A BASE system is almost always going to be an AP system if you look at the CAP theorem. Meaning it favors Availability and Partitioning over Consistency.
DynamoDB is an example of an AP system as well. Your data is stored on multiple 10GB partition drives spread over multiple Availability Zones. That replication takes a few milliseconds, up to a second or two. Obviously, there are cases where you need to read the data back directly after writing. That is why you can specify a Strongly Consistent read, which just goes back to the writer node and queries the data there instead of waiting for the data to have propagated to all nodes.
S3 has read-after-write consistency for the PUT item command but all other commands are subject to eventual consistency. This means that after updating an item, the old content may still be returned for a short amount of time until the content of that file has propagated to all the storage nodes. There are more examples such as these all over the AWS ecosystem.
Event-driven architectures come with their own pros and cons. Firstly, you need to approach the problem with a different distributed mindset that needs to be present within the company/team as well. Event versioning and communication between teams that own microservices are also crucial. It is a good idea to have a service that keeps a ledger of all events that happen in the system. Worst case, this history of events can be replayed to fix any processing errors in the downstream processing.
Event bridge, like SNS and SQS, guarantees delivery of a message at least once. This means your system needs to be idempotent. An example of an idempotent flow is when the client is created and the common service does a PUT command into the DynamoDB table. If that event gets delivered more than once, it just overwrites the current client with the exact same data.
An example of a non-idempotent flow is when the person is created. If the client service gets more than one message, it increments the client-person counter more than once. There are ways to make this call idempotent, but we’ll leave that for a different blog.

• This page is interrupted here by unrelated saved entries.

(* Let $h\in\mathbb{F}[x]$ with $\deg h\ge1$ and $\mathcal{A}=\mathrm{Aut}_{\mathbb{F}}(A_h)$. Then $A_h^{\mathcal{A}}=\mathbb{F}[x]^{\mathcal{A}}$, and: (i) if $\mathcal{A}=\{\phi_f:f\in\mathbb{F}[x]\}$ then $\mathbb{F}[x]^{\mathcal{A}}=\mathbb{F}[x]$; if $\mathcal{A}=\{\phi_f\}\rtimes\tau_{\mathbb{P}}$ with $\tau_{\mathbb{P}}\cong\mathbb{F}^*$ (i.e. $h=\gamma(x-\lambda)^n$ with $\lambda\in\mathbb{F}$) and $\mathbb{F}$ is infinite, then $\mathbb{F}[x]^{\mathcal{A}}=\mathbb{F}$; (ii) $\mathbb{F}[x]^{\mathcal{A}}=\mathbb{F}[t]$ where: (a) if $\tau_{\mathbb{P}}=\tau_{1,\mathbb{G}}$, then $t(x)=\prod_{\nu\in\mathbb{G}}(x+\nu)$; (b) if $\tau_{\mathbb{P}}=\tau_{1,\mathbb{G}}\rtimes\langle\tau_{\alpha,\beta}\rangle$ with $\alpha$ a primitive $\ell$-th root of unity for some $\ell>1$, then $t(x)=\prod_{\nu\in\mathbb{G}}\left(x+\frac{\beta}{\alpha-1}+\nu\right)^{\ell}$.
   Context: $\mathbb{F}$ is an arbitrary field. For $h\in\mathbb{F}[x]$, $A_h$ is the unital associative $\mathbb{F}$-algebra generated by $x,\hat y$ with defining relation $\hat yx-x\hat y=h$. For a group $\mathcal{A}$ of automorphisms and a subalgebra $S$, $S^{\mathcal{A}}=\{s\in S:\omega(s)=s\ \forall\omega\in\mathcal{A}\}$. Let $\mathbb{P}=\{(\alpha,\beta)\in\mathbb{F}^*\times\mathbb{F}: h(\alpha x+\beta)=\alpha^{\deg h}h(x)\}$; for $(\alpha,\beta)\in\mathbb{P}$, $\tau_{\alpha,\beta}$ is the automorphism of $A_h$ with $x\mapsto\alpha x+\beta$, $\hat y\mapsto\alpha^{\deg h-1}\hat y$; $\tau_{\mathbb{P}}=\{\tau_{\alpha,\beta}\}$. For $f\in\mathbb{F}[x]$, $\phi_f$ is the automorphism with $x\mapsto x$, $\hat y\mapsto\hat y+f$. It is known that $\mathcal{A}=\{\phi_f\}\rtimes\tau_{\mathbb{P}}$. $\mathbb{G}=\{\nu\in\mathbb{F}:(1,\nu)\in\mathbb{P}\}$, a finite additive subgroup, and $\tau_{1,\mathbb{G}}=\{\tau_{1,\nu}:\nu\in\mathbb{G}\}$. *)

theory Defs
  imports "HOL-Computational_Algebra.Polynomial"
begin

text \<open>Concrete model of A_h = F<x,y> / (yx - xy - h) as the Ore extension F[x][y; delta],
  delta = h d/dx.  An element sum_j p_j(x) y^j (PBW normal form, x-powers on the left)
  is represented by the polynomial in y with coefficients in F[x], i.e. a value of type
  'a poly poly whose j-th coefficient is p_j.\<close>

definition Ah_delta :: "'a::field poly \<Rightarrow> 'a poly \<Rightarrow> 'a poly" where
  "Ah_delta h p = h * pderiv p"

text \<open>Multiplication of A_h, using  y^i b = sum_k (i choose k) delta^k(b) y^(i-k).\<close>
definition Ah_mult :: "'a::field poly \<Rightarrow> 'a poly poly \<Rightarrow> 'a poly poly \<Rightarrow> 'a poly poly" where
  "Ah_mult h A B =
     (\<Sum>i\<le>degree A. \<Sum>j\<le>degree B. \<Sum>k\<le>i.
        monom (coeff A i * of_nat (i choose k) * ((Ah_delta h ^^ k) (coeff B j))) (i - k + j))"

primrec Ah_pow :: "'a::field poly \<Rightarrow> 'a poly poly \<Rightarrow> nat \<Rightarrow> 'a poly poly" where
  "Ah_pow h A 0 = 1"
| "Ah_pow h A (Suc n) = Ah_mult h A (Ah_pow h A n)"

definition Ah_emb :: "'a::field poly \<Rightarrow> 'a poly poly" where
  "Ah_emb p = [:p:]"

definition Ah_Fx :: "'a::field poly poly set" where
  "Ah_Fx = range Ah_emb"

text \<open>phi_f : x \<mapsto> x, y \<mapsto> y + f.\<close>
definition Ah_phi :: "'a::field poly \<Rightarrow> 'a poly \<Rightarrow> 'a poly poly \<Rightarrow> 'a poly poly" where
  "Ah_phi h f A = (\<Sum>i\<le>degree A. Ah_mult h [:coeff A i:] (Ah_pow h [:f, 1:] i))"

text \<open>tau_{alpha,beta} : x \<mapsto> alpha x + beta, y \<mapsto> alpha^(deg h - 1) y.\<close>
definition Ah_tau :: "'a::field poly \<Rightarrow> 'a \<Rightarrow> 'a \<Rightarrow> 'a poly poly \<Rightarrow> 'a poly poly" where
  "Ah_tau h \<alpha> \<beta> A =
     (\<Sum>i\<le>degree A. monom (smult (\<alpha> ^ ((degree h - 1) * i)) (pcompose (coeff A i) [:\<beta>, \<alpha>:])) i)"

definition Ah_P :: "'a::field poly \<Rightarrow> ('a \<times> 'a) set" where
  "Ah_P h = {(\<alpha>, \<beta>). \<alpha> \<noteq> 0 \<and> pcompose h [:\<beta>, \<alpha>:] = smult (\<alpha> ^ degree h) h}"

definition Ah_G :: "'a::field poly \<Rightarrow> 'a set" where
  "Ah_G h = {\<nu>. (1, \<nu>) \<in> Ah_P h}"

definition Ah_tauP :: "'a::field poly \<Rightarrow> ('a poly poly \<Rightarrow> 'a poly poly) set" where
  "Ah_tauP h = (\<lambda>(\<alpha>, \<beta>). Ah_tau h \<alpha> \<beta>) ` Ah_P h"

text \<open>The automorphism group Aut_F(A_h) = {phi_f} \<rtimes> tau_P (the known description
  quoted in the context).\<close>
definition Ah_Aut :: "'a::field poly \<Rightarrow> ('a poly poly \<Rightarrow> 'a poly poly) set" where
  "Ah_Aut h = {Ah_phi h f \<circ> t | f t. t \<in> Ah_tauP h}"

definition invariants :: "('b \<Rightarrow> 'b) set \<Rightarrow> 'b set \<Rightarrow> 'b set" where
  "invariants \<A> S = {s \<in> S. \<forall>\<omega>\<in>\<A>. \<omega> s = s}"

end

theory Submission
  imports Defs
begin

text \<open>
  1. Every element fixed by all phi_f lies in F[x].  Writing A = sum_i a_i(x) y^i of
     y-degree n > 0, the y^0-coefficient of phi_f(A) equals sum_i a_i D^i(1) with
     D(q) = f q + h q'.  Choosing f = x^m with m large makes D^i(1) monic of degree m i,
     so this coefficient has degree deg a_n + m n, which is too large to equal a_0.
     Hence A^Aut = F[x]^Aut, and on F[x] the phi_f act trivially, so F[x]^Aut consists
     of the polynomials p with p(alpha x + beta) = p(x) for all (alpha, beta) in P.

  2. Invariant theory of affine substitutions in one variable.  For a finite additive
     group G, the translation invariants form F[s] with s = prod_{nu in G} (x + c + nu)
     (division with remainder by s); if moreover alpha is a primitive l-th root of
     unity with alpha G = G, the additional invariance under x -> alpha x + beta
     forces a polynomial in s to be a polynomial in s^l.  Over an infinite field,
     invariance under all dilations about a point forces constancy.
\<close>

section \<open>The action of the automorphisms on A_h\<close>

lemma smult_sum_right: "smult a (sum f A) = (\<Sum>i\<in>A. smult a (f i))"
  by (induction A rule: infinite_finite_induct) (auto simp: smult_add_right)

Another thing to consider is that not all systems can accept the delay that eventual consistency introduces into a system. It is perfectly acceptable in our system as a person will probably not be created immediately within one second after a client has been created. Thus, whenever the common service does the client lookup locally, it can be assured that the client data is always populated.
Resilience to Failure
One of the benefits that we have achieved by refactoring to a microservice system is that we are now resilient to complete services failure. The client service can still operate if the person and common service is down. Similarly, the person service can operate on its own and is not dependent on the other services.
We also removed any timeout problems that was introduced by the previous architecture that synchronously chained API calls. If an Event Bridge target service (like Lambda, in our case) is down, it will retry sending the message with exponential bakeoff for up to 24 hours.
All Lambda functions that process the asynchronous events from Event Bridge have Dead Letter Queues (DLQ) attached. The event will be moved to the DLQ after three unsuccessful processing attempts by the Lambda function. We can then inspect the message later, fix any errors and replay the message if necessary.
Basic chaos can be introduced into the system to test its resilience. This is built into the code and can be toggled on the Lambda functions with environment variables. If ENABLE_CHAOS is true, then the following environment variables are applied:
- INJECT_LATENCY – Number || false
- INJECT_ERROR – String; two possible values: error will throw a hard error and handled will throw a soft error
A Lambda service failure can be simulated by setting Reserved Concurrency to 0. Event Bridge will then retry delivering the event for up to 24 hours.
We refactored a distributed monolith to a microservice architecture using Event Bridge and broke dependencies using BASE consistency. The code for this blog can be found here: https://github.com/rehanvdm/MicroService.